Problem statement:
Take the data below. Output it exactly from its first line through the line containing "carrier = carrier".

====== Exercise input ======

definition comm_subgroup :: "('a, 'b) monoid_scheme \<Rightarrow> 'a set \<Rightarrow> 'a set \<Rightarrow> 'a set" where
  "comm_subgroup G A B = generate G (\<Union>a \<in> A. \<Union>b \<in> B.
      {a \<otimes>\<^bsub>G\<^esub> b \<otimes>\<^bsub>G\<^esub> inv\<^bsub>G\<^esub> a \<otimes>\<^bsub>G\<^esub> inv\<^bsub>G\<^esub> b})"

text \<open>Lower central series, indexed from 1 (index 0 is a junk value).\<close>
fun lcs :: "('a, 'b) monoid_scheme \<Rightarrow> nat \<Rightarrow> 'a set" where
  "lcs G 0 = carrier G"
| "lcs G (Suc 0) = carrier G"
| "lcs G (Suc (Suc n)) = comm_subgroup G (lcs G (Suc n)) (carrier G)"

text \<open>Derived series G^(i), indexed from 0, using the library's derived subgroup.\<close>
definition derived_series :: "('a, 'b) monoid_scheme \<Rightarrow> nat \<Rightarrow> 'a set" where
  "derived_series G i = (derived G ^^ i) (carrier G)"

definition semidirect :: "('a, 'c) monoid_scheme \<Rightarrow> ('b, 'd) monoid_scheme
    \<Rightarrow> ('b \<Rightarrow> 'a \<Rightarrow> 'a) \<Rightarrow> ('a \<times> 'b) monoid" where
  "semidirect H G \<phi> =
     \<lparr> carrier = carrier H \<times> carrier G,
       Group.monoid.mult = (\<lambda>(h, g) (h', g'). (h \<otimes>\<^bsub>H\<^esub> \<phi> g h', g \<otimes>\<^bsub>G\<^esub> g')),
       one = (\<one>\<^bsub>H\<^esub>, \<one>\<^bsub>G\<^esub>) \<rparr>"

definition twist_subgroup :: "('a, 'c) monoid_scheme \<Rightarrow> ('b \<Rightarrow> 'a \<Rightarrow> 'a) \<Rightarrow> 'b set \<Rightarrow> 'a set \<Rightarrow> 'a set" where
  "twist_subgroup H \<phi> A B = generate H (\<Union>g \<in> A. \<Union>h \<in> B. {\<phi> g h \<otimes>\<^bsub>H\<^esub> inv\<^bsub>H\<^esub> h})"

text \<open>The subgroups L_n (indexed from 1; index 0 junk).
  K_n = twist G-part over \<Gamma>_{n-1}(G) and H; H_n = twist over G and L_{n-1};
  L_n = \<langle>K_n, H_n, [H, L_{n-1}]\<rangle>.\<close>
fun Lser :: "('b, 'd) monoid_scheme \<Rightarrow> ('a, 'c) monoid_scheme \<Rightarrow> ('b \<Rightarrow> 'a \<Rightarrow> 'a) \<Rightarrow> nat \<Rightarrow> 'a set" where
  "Lser G H \<phi> 0 = carrier H"
| "Lser G H \<phi> (Suc 0) = carrier H"
| "Lser G H \<phi> (Suc (Suc n)) =
     generate H (twist_subgroup H \<phi> (lcs G (Suc n)) (carrier H)
               \<union> twist_subgroup H \<phi> (carrier G) (Lser G H \<phi> (Suc n))
               \<union> comm_subgroup H (carrier H) (Lser G H \<phi> (Suc n)))"

text \<open>The subgroups V_n (indexed from 1; index 0 junk):
  V_n = \<langle>\<tilde>H_n, [H, V_{n-1}]\<rangle>, \<tilde>H_n = twist over G and V_{n-1}.\<close>
fun Vser :: "('b, 'd) monoid_scheme \<Rightarrow> ('a, 'c) monoid_scheme \<Rightarrow> ('b \<Rightarrow> 'a \<Rightarrow> 'a) \<Rightarrow> nat \<Rightarrow> 'a set" where
  "Vser G H \<phi> 0 = carrier H"
| "Vser G H \<phi> (Suc 0) = carrier H"
| "Vser G H \<phi> (Suc (Suc n)) =
     generate H (twist_subgroup H \<phi> (carrier G) (Vser G H \<phi> (Suc n))
               \<union> comm_subgroup H (carrier H) (Vser G H \<phi> (Suc n)))"

end

theory Submission
  imports Defs
begin

text \<open>
  For subgroups A \<rtimes> B and A' \<rtimes> B' of P = H \<rtimes> G, the commutators of the generators (a, 1) and
  (1, b) are ([a, a'], 1), (\<phi>(b)(a') a'\<inverse>, 1), the inverse of (\<phi>(b')(a) a\<inverse>, 1), and (1, [b, b']).
  Hence [A \<rtimes> B, A' \<rtimes> B'] contains M \<rtimes> [B, B'], where M is generated by these twists and [A, A'],
  and it is contained in every M' \<rtimes> C that contains the generator commutators and is normalized
  by both factors.  For L_n \<rtimes> \<Gamma>_n(G) and H \<rtimes> G both bounds are L_(n+1) \<rtimes> \<Gamma>_(n+1)(G), which
  gives (1) by induction; for two copies of V_n \<rtimes> G^(n-1) the upper bound gives (2).  The
  normalization holds because every L_n and V_n is a \<phi>(G)-invariant normal subgroup of H, which is
  also what makes \<phi> restrict to actions on them.
\<close>

lemma (in group_hom) image_generate_subset:
  assumes "R \<subseteq> carrier G" and "subgroup S H" and "h ` R \<subseteq> S"
  shows "h ` generate G R \<subseteq> S"
  using H.generate_subgroup_incl[OF assms(3,2)] by (simp add: generate_img[OF assms(1)])

lemma (in group_hom) subgroup_vimage:
  assumes "subgroup S H"
  shows "subgroup {x \<in> carrier G. h x \<in> S} G"
proof
  show "\<one> \<in> {x \<in> carrier G. h x \<in> S}" using subgroup.one_closed[OF assms] by simp
  fix x y
  assume "x \<in> {x \<in> carrier G. h x \<in> S}" "y \<in> {x \<in> carrier G. h x \<in> S}"
  then show "x \<otimes> y \<in> {x \<in> carrier G. h x \<in> S}" "inv x \<in> {x \<in> carrier G. h x \<in> S}"
    using subgroup.m_closed[OF assms] subgroup.m_inv_closed[OF assms] by auto
qed auto
(* Let $p \ge 2$ be a fixed integer and let $\lambda = \lambda(n) \ge 0$. Let $\mathbf{x}_* \in \mathbb{R}^n$ be drawn from any prior supported on the sphere $\{\mathbf{x} \in \mathbb{R}^n : \|\mathbf{x}\| = \sqrt{n}\}$, and let $\mathbf{Y} = \lambda \mathbf{x}_*^{\otimes p} + \mathbf{G}$ (spiked tensor model). Suppose we are given $\mathbf{u} \in \mathbb{R}^n$ with $\mathrm{corr}(\mathbf{u},\mathbf{x}_* ) \ge \tau$, and set $\widehat{\mathbf{x}} = \mathbf{Y}\{\mathbf{u}\}$. Then there exists a constant $c = c(p) > 0$ such that with high probability \[\mathrm{corr}(\widehat{\mathbf{x}},\mathbf{x}_* ) \ge 1 - c\,\lambda^{-1}\tau^{1-p} n^{(1-p)/2}.\] In particular, if $\tau > 0$ is any constant and $\lambda = \omega(n^{(1-p)/2})$, then $\mathrm{corr}(\widehat{\mathbf{x}},\mathbf{x}_* ) = 1 - o(1)$ with high probability.
   Context: The noise tensor $\mathbf{G} \in (\mathbb{R}^n)^{\otimes p}$ is $\mathbf{G} = \frac{1}{\sqrt{p!}}\sum_{\pi \in S_p} \widetilde{\mathbf{G}}^\pi$, where $\widetilde{\mathbf{G}}$ has i.i.d. $\mathcal{N}(0,1)$ entries, independent of $\mathbf{x}_*$, and $\widetilde{\mathbf{G}}^\pi_{i_1,\ldots,i_p} = \widetilde{\mathbf{G}}_{i_{\pi(1)},\ldots,i_{\pi(p)}}$. For $\mathbf{u} \in \mathbb{R}^n$, $\mathbf{Y}\{\mathbf{u}\} \in \mathbb{R}^n$ is the vector with $\mathbf{Y}\{\mathbf{u}\}_i = \sum_{j_1,\ldots,j_{p-1} \in [n]} \mathbf{Y}_{i,j_1,\ldots,j_{p-1}} \mathbf{u}_{j_1}\cdots \mathbf{u}_{j_{p-1}}$ (one step of the tensor power method). The normalized correlation is $\mathrm{corr}(\mathbf{a},\mathbf{b}) = |\langle \mathbf{a},\mathbf{b}\rangle|/(\|\mathbf{a}\|\|\mathbf{b}\|)$. "With high probability" means with probability $1-o(1)$ as $n \to \infty$ with $p$ fixed; asymptotic notation refers to $n\to\infty$. *)

theory Defs
  imports "HOL-Probability.Probability" "HOL-Combinatorics.Permutations" "HOL-Library.Landau_Symbols"
begin
lemma one_minus_prod_one_minus_mono:
  fixes a :: "'b \<Rightarrow> 'a::linordered_idom"
  assumes "\<And>k. k \<in> A \<Longrightarrow> 0 \<le> a k \<and> a k \<le> b k \<and> b k \<le> 1"
  shows "1 - (\<Prod>k\<in>A. 1 - a k) \<le> 1 - (\<Prod>k\<in>A. 1 - b k)"
  using assms by (intro diff_left_mono prod_mono) auto

lemma one_minus_prod_one_minus_le_sum:
  fixes a :: "'b \<Rightarrow> 'a::linordered_idom"
  assumes "\<And>k. k \<in> A \<Longrightarrow> 0 \<le> a k \<and> a k \<le> 1"
  shows "1 - (\<Prod>k\<in>A. 1 - a k) \<le> (\<Sum>k\<in>A. a k)"
  using assms
proof (induction A rule: infinite_finite_induct)
  case (insert x F)
  have "0 \<le> (\<Prod>k\<in>F. 1 - a k)" "(\<Prod>k\<in>F. 1 - a k) \<le> 1" "0 \<le> a x"
    using insert.prems by (auto intro: prod_nonneg prod_le_1)
  then have "1 - (1 - a x) * (\<Prod>k\<in>F. 1 - a k) \<le> a x + (1 - (\<Prod>k\<in>F. 1 - a k))"
    using mult_left_le[of "\<Prod>k\<in>F. 1 - a k" "a x"] by (simp add: algebra_simps)
  then show ?case using insert by simp
qed simp_all

lemma prod_le_pair_of_factors:
  fixes f :: "'b \<Rightarrow> 'a::linordered_idom"
  assumes "finite A" "j1 \<in> A" "j2 \<in> A" "j1 \<noteq> j2" "\<And>j. j \<in> A \<Longrightarrow> 0 \<le> f j \<and> f j \<le> 1"
  shows "prod f A \<le> f j1 * f j2"
proof -
  have "prod f A = f j1 * f j2 * prod f (A - {j1} - {j2})"
    using assms(1-4) by (simp add: prod.remove mult.assoc)
  moreover have "0 \<le> f j1 * f j2" "prod f (A - {j1} - {j2}) \<le> 1"
    using assms(2,3,5) by (auto intro: prod_le_1)
  ultimately show ?thesis by (simp add: mult_left_le)
qed
(* Let $q'>0$, $e'=0$, $q_{\max}>0$, $\mathcal D''_1=\{e:0\le e\le1\}$, $\mathcal D_2=\{(q,\omega):0<q\le q_{\max},\ 0\le\omega\le\pi/2\}$. For each $(q,\omega)\in\mathcal D_2$, $$\min_{e\in\mathcal D''_1}\delta_{\rm nod}=\max\Big\{0,\ q'-\frac{2q}{1-\cos\omega},\ q-q'\Big\},\qquad \max_{e\in\mathcal D''_1}\delta_{\rm nod}=\max\Big\{q'-q,\ \frac{2q}{1+\cos\omega}-q'\Big\}.$$
   Context: Here the trajectory $\mathcal A'$ is a circle of radius $q'$ ($e'=0$), so $r'_+=r'_-=q'$. For $q>0$, $e\in[0,1]$, $\omega$ an angle, define $r_{\pm}=\frac{q(1+e)}{1\pm e\cos\omega}$ (extended-real value $+\infty$ when the denominator vanishes; $\frac{2q}{1-\cos\omega}=+\infty$ at $\omega=0$), $d^\pm=q'-r_\pm$, and the nodal distance $\delta_{\rm nod}(q,e,\omega)=\min\{|d^+|,|d^-|\}$. *)

theory Defs
  imports Complex_Main "HOL-Library.Extended_Real"
begin

definition r_plus :: "real \<Rightarrow> real \<Rightarrow> real \<Rightarrow> ereal" where
  "r_plus q e \<omega> = (if 1 + e * cos \<omega> = 0 then \<infinity> else ereal (q * (1 + e) / (1 + e * cos \<omega>)))"

definition r_minus :: "real \<Rightarrow> real \<Rightarrow> real \<Rightarrow> ereal" where
  "r_minus q e \<omega> = (if 1 - e * cos \<omega> = 0 then \<infinity> else ereal (q * (1 + e) / (1 - e * cos \<omega>)))"

text \<open>Nodal distance for a circular trajectory of radius qp: d = qp - r.\<close>
definition delta_nod :: "real \<Rightarrow> real \<Rightarrow> real \<Rightarrow> real \<Rightarrow> ereal" where
  "delta_nod qp q e \<omega> = min \<bar>ereal qp - r_plus q e \<omega>\<bar> \<bar>ereal qp - r_minus q e \<omega>\<bar>"

end

theory Submission
  imports Defs
begin

text \<open>Write \<open>c = cos \<omega> \<in> [0,1]\<close>. On \<open>e \<in> [0,1]\<close> the radii satisfy
  \<open>q \<le> r\<^sub>+ \<le> r\<^sub>-\<close>, \<open>r\<^sub>+ \<le> 2q/(1+c)\<close> and \<open>r\<^sub>- \<le> 2q/(1-c)\<close>, with equalities at
  \<open>e = 0\<close> (both radii equal \<open>q\<close>) and at \<open>e = 1\<close>. The upper
  bound is attained at \<open>e = 0\<close> or \<open>e = 1\<close>; the lower bound at \<open>e = 0\<close>, at \<open>e = 1\<close>, or
  else, when \<open>q < q' \<le> 2q/(1-c)\<close>, at the explicit eccentricity
  \<open>e = (q' - q)/(q + q' c)\<close> for which \<open>r\<^sub>- = q'\<close>, so that the nodal distance vanishes.\<close>

definition rho_plus :: "real \<Rightarrow> real \<Rightarrow> real \<Rightarrow> real" where
  "rho_plus q e c = q * (1 + e) / (1 + e * c)"

definition rho_minus :: "real \<Rightarrow> real \<Rightarrow> real \<Rightarrow> real" where
  "rho_minus q e c = q * (1 + e) / (1 - e * c)"

definition min_delta_nod :: "real \<Rightarrow> real \<Rightarrow> real \<Rightarrow> ereal" where
  "min_delta_nod qp q \<omega> = max 0 (max (ereal qp - (if cos \<omega> = 1 then \<infinity> else ereal (2 * q / (1 - cos \<omega>))))
                                    (ereal (q - qp)))"

definition max_delta_nod :: "real \<Rightarrow> real \<Rightarrow> real \<Rightarrow> real" where
  "max_delta_nod qp q \<omega> = max (qp - q) (2 * q / (1 + cos \<omega>) - qp)"

lemma rho_plus_bounds:
  fixes q e c :: real
  assumes "0 \<le> e" "e \<le> 1" "0 \<le> c" "c \<le> 1" "0 \<le> q"
  shows "q \<le> rho_plus q e c" "rho_plus q e c \<le> 2 * q / (1 + c)"
proof -
  have pos: "1 + e * c > 0" using assms by (simp add: add_pos_nonneg)
  have "e * c \<le> e" using assms by (simp add: mult_left_le)
  then show "q \<le> rho_plus q e c"
    using pos assms by (simp add: rho_plus_def divide_simps mult_left_mono)
  have "0 \<le> (1 - c) * (1 - e)" using assms by simp
  then have "(1 + e) * (1 + c) \<le> 2 * (1 + e * c)" by (simp add: algebra_simps)
  then have "q * ((1 + e) * (1 + c)) \<le> q * (2 * (1 + e * c))" using assms by (simp add: mult_left_mono)
  then show "rho_plus q e c \<le> 2 * q / (1 + c)"
    using pos assms by (simp add: rho_plus_def divide_simps algebra_simps)
qed

lemma rho_plus_le_rho_minus:
  fixes q e c :: real
  assumes "0 \<le> e" "e \<le> 1" "0 \<le> c" "c \<le> 1" "e * c \<noteq> 1" "0 \<le> q"
  shows "rho_plus q e c \<le> rho_minus q e c"
proof -
  have "e * c \<le> c" using assms mult_right_mono[of e 1 c] by simp
  then have "1 - e * c > 0" using assms by simp
  then show ?thesis
    unfolding rho_plus_def rho_minus_def
    using assms by (intro divide_left_mono) (auto simp: add_pos_nonneg)
qed

lemma rho_minus_le:
  fixes q e c :: real
  assumes "0 \<le> e" "e \<le> 1" "0 \<le> c" "c < 1" "0 \<le> q"
  shows "rho_minus q e c \<le> 2 * q / (1 - c)"
proof -
  have "e * c \<le> c" using assms mult_right_mono[of e 1 c] by simp
  then have pos: "1 - e * c > 0" using assms by simp
  have "0 \<le> (1 + c) * (1 - e)" using assms by simp
  then have "(1 + e) * (1 - c) \<le> 2 * (1 - e * c)" by (simp add: algebra_simps)
  then have "q * ((1 + e) * (1 - c)) \<le> q * (2 * (1 - e * c))" using assms by (simp add: mult_left_mono)
  then show ?thesis using pos assms by (simp add: rho_minus_def divide_simps algebra_simps)
qed

text \<open>After clearing denominators, \<open>r\<^sub>- = q'\<close> is linear in \<open>e\<close>.\<close>

lemma rho_minus_hits_radius:
  fixes q qp c :: real
  assumes "0 < q" "q < qp" "0 \<le> c" "qp * (1 - c) \<le> 2 * q"
  obtains e where "0 \<le> e" "e \<le> 1" "e * c \<noteq> 1" "rho_minus q e c = qp"
proof
  define e where "e = (qp - q) / (q + qp * c)"
  have den: "q + qp * c > 0" using assms by (simp add: add_pos_nonneg)
  show "0 \<le> e" using assms den by (simp add: e_def)
  show "e \<le> 1" using assms den by (simp add: e_def divide_simps algebra_simps)
  have eq: "q * (1 + e) = qp * (1 - e * c)" using den by (simp add: e_def field_simps)
  moreover have "q * (1 + e) \<noteq> 0" using assms \<open>0 \<le> e\<close> by simp
  ultimately show "e * c \<noteq> 1" by auto
  then show "rho_minus q e c = qp" using eq by (simp add: rho_minus_def divide_simps)
qed

lemma r_plus_eq_rho_plus:
  assumes "0 \<le> e" "0 \<le> cos \<omega>"
  shows "r_plus q e \<omega> = ereal (rho_plus q e (cos \<omega>))"
proof -
  have "1 + e * cos \<omega> > 0" using assms by (simp add: add_pos_nonneg)
  then show ?thesis by (simp add: r_plus_def rho_plus_def)
qed

lemma delta_nod_regular:
  assumes "0 \<le> e" "0 \<le> cos \<omega>" "e * cos \<omega> \<noteq> 1"
  shows "delta_nod qp q e \<omega> =
    ereal (min \<bar>qp - rho_plus q e (cos \<omega>)\<bar> \<bar>qp - rho_minus q e (cos \<omega>)\<bar>)"
  using assms by (simp add: delta_nod_def r_plus_eq_rho_plus r_minus_def rho_minus_def)

lemma delta_nod_singular:
  assumes "0 \<le> e" "0 \<le> cos \<omega>" "e * cos \<omega> = 1"
  shows "delta_nod qp q e \<omega> = ereal \<bar>qp - rho_plus q e (cos \<omega>)\<bar>"
  using assms by (simp add: delta_nod_def r_plus_eq_rho_plus r_minus_def)

lemma delta_nod_le_abs_plus:
  assumes "0 \<le> e" "0 \<le> cos \<omega>"
  shows "delta_nod qp q e \<omega> \<le> ereal \<bar>qp - rho_plus q e (cos \<omega>)\<bar>"
  using assms delta_nod_regular[OF assms] delta_nod_singular[OF assms]
  by (cases "e * cos \<omega> = 1") auto

lemma delta_nod_outside:
  assumes "0 \<le> e" "e \<le> 1" "0 \<le> cos \<omega>" "0 \<le> q" "qp \<le> rho_plus q e (cos \<omega>)"
  shows "delta_nod qp q e \<omega> = ereal (rho_plus q e (cos \<omega>) - qp)"
proof (cases "e * cos \<omega> = 1")
  case True
  then show ?thesis using assms delta_nod_singular by simp
next
  case False
  have "rho_plus q e (cos \<omega>) \<le> rho_minus q e (cos \<omega>)"
    using False assms by (intro rho_plus_le_rho_minus) auto
  then show ?thesis using assms False delta_nod_regular by simp
qed

lemma delta_nod_at_zero:
  assumes "0 \<le> cos \<omega>"
  shows "delta_nod qp q 0 \<omega> = ereal \<bar>qp - q\<bar>"
  using delta_nod_regular[of 0 \<omega> qp q] assms by (simp add: rho_plus_def rho_minus_def)

lemma min_delta_nod_le_ereal:
  assumes "0 \<le> m" "q - qp \<le> m" "cos \<omega> < 1 \<Longrightarrow> qp - 2 * q / (1 - cos \<omega>) \<le> m"
  shows "min_delta_nod qp q \<omega> \<le> ereal m"
  using assms cos_le_one[of \<omega>] by (cases "cos \<omega> = 1") (auto simp: min_delta_nod_def)

lemma min_delta_nod_le_delta_nod:
  assumes "0 \<le> e" "e \<le> 1" "0 \<le> cos \<omega>" "0 \<le> q"
  shows "min_delta_nod qp q \<omega> \<le> delta_nod qp q e \<omega>"
proof (cases "e * cos \<omega> = 1")
  case True
  then have "1 \<le> cos \<omega>" using assms mult_right_mono[of e 1 "cos \<omega>"] by simp
  then have "cos \<omega> = 1" using cos_le_one[of \<omega>] by linarith
  then show ?thesis
    using assms True rho_plus_bounds(1)[of e "cos \<omega>" q]
    by (auto simp: delta_nod_singular intro!: min_delta_nod_le_ereal)
next
  case False
  note bounds = rho_plus_bounds[of e "cos \<omega>" q] rho_minus_le[of e "cos \<omega>" q]
  have "rho_plus q e (cos \<omega>) \<le> rho_minus q e (cos \<omega>)"
    using False assms by (intro rho_plus_le_rho_minus) auto
  then show ?thesis
    using assms False bounds cos_le_one[of \<omega>]
    by (auto simp: delta_nod_regular intro!: min_delta_nod_le_ereal)
qed

lemma min_delta_nod_attained:
  assumes "0 < q" "0 \<le> cos \<omega>"
  obtains e where "0 \<le> e" "e \<le> 1" "delta_nod qp q e \<omega> = min_delta_nod qp q \<omega>"
proof -
  consider (inside) "qp \<le> q"
    | (outside) "q < qp" "cos \<omega> < 1" "2 * q / (1 - cos \<omega>) \<le> qp"
    | (crossing) "q < qp" "qp * (1 - cos \<omega>) \<le> 2 * q"
  proof (cases "cos \<omega> = 1")
    case False
    then have "cos \<omega> < 1" using cos_le_one[of \<omega>] by linarith
    then have "2 * q / (1 - cos \<omega>) \<le> qp \<longleftrightarrow> 2 * q \<le> qp * (1 - cos \<omega>)"
      by (simp add: pos_divide_le_eq)
    with \<open>cos \<omega> < 1\<close> that show thesis by linarith
  qed (use assms that in force)
  then show thesis
  proof cases
    case inside
    have "qp - 2 * q / (1 - cos \<omega>) \<le> q - qp" if "cos \<omega> \<noteq> 1"
    proof -
      have "0 < 1 - cos \<omega>" using that cos_le_one[of \<omega>] by linarith
      moreover have "0 \<le> q * cos \<omega>" using assms by simp
      ultimately have "q \<le> 2 * q / (1 - cos \<omega>)"
        using assms by (simp add: le_divide_eq algebra_simps)
      then show ?thesis using inside by linarith
    qed
    then have "min_delta_nod qp q \<omega> = ereal (q - qp)"
      using inside by (auto simp: min_delta_nod_def max_def)
    then show thesis using that[of 0] inside assms by (simp add: delta_nod_at_zero)
  next
    case outside
    have far: "rho_minus q 1 (cos \<omega>) = 2 * q / (1 - cos \<omega>)" by (simp add: rho_minus_def)
    have "rho_plus q 1 (cos \<omega>) \<le> rho_minus q 1 (cos \<omega>)"
      using outside assms by (intro rho_plus_le_rho_minus) auto
    then have "delta_nod qp q 1 \<omega> = ereal (qp - 2 * q / (1 - cos \<omega>))"
      using outside assms far by (simp add: delta_nod_regular)
    moreover have "min_delta_nod qp q \<omega> = ereal (qp - 2 * q / (1 - cos \<omega>))"
      using outside by (auto simp: min_delta_nod_def max_def)
    ultimately show thesis using that[of 1] by simp
  next
    case crossing
    obtain e where e: "0 \<le> e" "e \<le> 1" "e * cos \<omega> \<noteq> 1" "rho_minus q e (cos \<omega>) = qp"
      using rho_minus_hits_radius[OF assms(1) crossing(1) assms(2) crossing(2)] .
    have "qp \<le> 2 * q / (1 - cos \<omega>)" if "cos \<omega> \<noteq> 1"
    proof -
      have "0 < 1 - cos \<omega>" using that cos_le_one[of \<omega>] by linarith
      then show ?thesis using crossing by (simp add: le_divide_eq)
    qed
    then have "min_delta_nod qp q \<omega> = 0"
      using crossing by (auto simp: min_delta_nod_def max_def)
    then show thesis using that[of e] e assms by (simp add: delta_nod_regular)
  qed
qed

lemma delta_nod_le_max_delta_nod:
  assumes "0 \<le> e" "e \<le> 1" "0 \<le> cos \<omega>" "0 \<le> q"
  shows "delta_nod qp q e \<omega> \<le> ereal (max_delta_nod qp q \<omega>)"
proof -
  have "\<bar>qp - rho_plus q e (cos \<omega>)\<bar> \<le> max_delta_nod qp q \<omega>"
    using assms rho_plus_bounds[of e "cos \<omega>" q] by (auto simp: max_delta_nod_def)
  then show ?thesis using order_trans[OF delta_nod_le_abs_plus[OF assms(1,3)]] by simp
qed

lemma max_delta_nod_attained:
  assumes "0 < q" "0 \<le> cos \<omega>"
  obtains e where "0 \<le> e" "e \<le> 1" "delta_nod qp q e \<omega> = ereal (max_delta_nod qp q \<omega>)"
proof -
  have far: "q \<le> 2 * q / (1 + cos \<omega>)"
    using assms rho_plus_bounds[of 1 "cos \<omega>" q] by simp
  show thesis
  proof (cases "2 * q / (1 + cos \<omega>) - qp \<le> qp - q")
    case True
    then show thesis
      using that[of 0] far assms by (simp add: delta_nod_at_zero max_delta_nod_def)
  next
    case False
    have "rho_plus q 1 (cos \<omega>) = 2 * q / (1 + cos \<omega>)" by (simp add: rho_plus_def)
    then have "delta_nod qp q 1 \<omega> = ereal (2 * q / (1 + cos \<omega>) - qp)"
      using False far assms by (simp add: delta_nod_outside)
    then show thesis using that[of 1] False by (simp add: max_delta_nod_def)
  qed
qed

theorem proposition8:
  fixes qp qmax q \<omega> :: real
  assumes "qp > 0" and "qmax > 0" and "0 < q" and "q \<le> qmax"
    and "0 \<le> \<omega>" and "\<omega> \<le> pi / 2"
  shows "(\<exists>e\<in>{0..1}. delta_nod qp q e \<omega> =
            max 0 (max (ereal qp - (if cos \<omega> = 1 then \<infinity> else ereal (2 * q / (1 - cos \<omega>))))
                       (ereal (q - qp))))
       \<and> (\<forall>e\<in>{0..1}. max 0 (max (ereal qp - (if cos \<omega> = 1 then \<infinity> else ereal (2 * q / (1 - cos \<omega>))))
                       (ereal (q - qp))) \<le> delta_nod qp q e \<omega>)
       \<and> (\<exists>e\<in>{0..1}. delta_nod qp q e \<omega> = ereal (max (qp - q) (2 * q / (1 + cos \<omega>) - qp)))
       \<and> (\<forall>e\<in>{0..1}. delta_nod qp q e \<omega> \<le> ereal (max (qp - q) (2 * q / (1 + cos \<omega>) - qp)))"
proof -
  have c: "0 \<le> cos \<omega>" using assms by (intro cos_ge_zero) auto
  obtain e\<^sub>1 where "0 \<le> e\<^sub>1" "e\<^sub>1 \<le> 1" "delta_nod qp q e\<^sub>1 \<omega> = min_delta_nod qp q \<omega>"
    using min_delta_nod_attained[OF assms(3) c] .
  moreover obtain e\<^sub>2 where
    "0 \<le> e\<^sub>2" "e\<^sub>2 \<le> 1" "delta_nod qp q e\<^sub>2 \<omega> = ereal (max_delta_nod qp q \<omega>)"
    using max_delta_nod_attained[OF assms(3) c] .
  moreover have "min_delta_nod qp q \<omega> \<le> delta_nod qp q e \<omega>" if "e \<in> {0..1}" for e
    using that c assms(3) by (intro min_delta_nod_le_delta_nod) auto
  moreover have "delta_nod qp q e \<omega> \<le> ereal (max_delta_nod qp q \<omega>)" if "e \<in> {0..1}" for e
    using that c assms(3) by (intro delta_nod_le_max_delta_nod) auto
  ultimately have "(\<exists>e\<in>{0..1}. delta_nod qp q e \<omega> = min_delta_nod qp q \<omega>)
    \<and> (\<forall>e\<in>{0..1}. min_delta_nod qp q \<omega> \<le> delta_nod qp q e \<omega>)
    \<and> (\<exists>e\<in>{0..1}. delta_nod qp q e \<omega> = ereal (max_delta_nod qp q \<omega>))
    \<and> (\<forall>e\<in>{0..1}. delta_nod qp q e \<omega> \<le> ereal (max_delta_nod qp q \<omega>))"
    by auto
  then show ?thesis unfolding min_delta_nod_def max_delta_nod_def .
qed

end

======

Solution for this exercise:
definition comm_subgroup :: "('a, 'b) monoid_scheme \<Rightarrow> 'a set \<Rightarrow> 'a set \<Rightarrow> 'a set" where
  "comm_subgroup G A B = generate G (\<Union>a \<in> A. \<Union>b \<in> B.
      {a \<otimes>\<^bsub>G\<^esub> b \<otimes>\<^bsub>G\<^esub> inv\<^bsub>G\<^esub> a \<otimes>\<^bsub>G\<^esub> inv\<^bsub>G\<^esub> b})"

text \<open>Lower central series, indexed from 1 (index 0 is a junk value).\<close>
fun lcs :: "('a, 'b) monoid_scheme \<Rightarrow> nat \<Rightarrow> 'a set" where
  "lcs G 0 = carrier G"
| "lcs G (Suc 0) = carrier G"
| "lcs G (Suc (Suc n)) = comm_subgroup G (lcs G (Suc n)) (carrier G)"

text \<open>Derived series G^(i), indexed from 0, using the library's derived subgroup.\<close>
definition derived_series :: "('a, 'b) monoid_scheme \<Rightarrow> nat \<Rightarrow> 'a set" where
  "derived_series G i = (derived G ^^ i) (carrier G)"

definition semidirect :: "('a, 'c) monoid_scheme \<Rightarrow> ('b, 'd) monoid_scheme
    \<Rightarrow> ('b \<Rightarrow> 'a \<Rightarrow> 'a) \<Rightarrow> ('a \<times> 'b) monoid" where
  "semidirect H G \<phi> =
     \<lparr> carrier = carrier H \<times> carrier G,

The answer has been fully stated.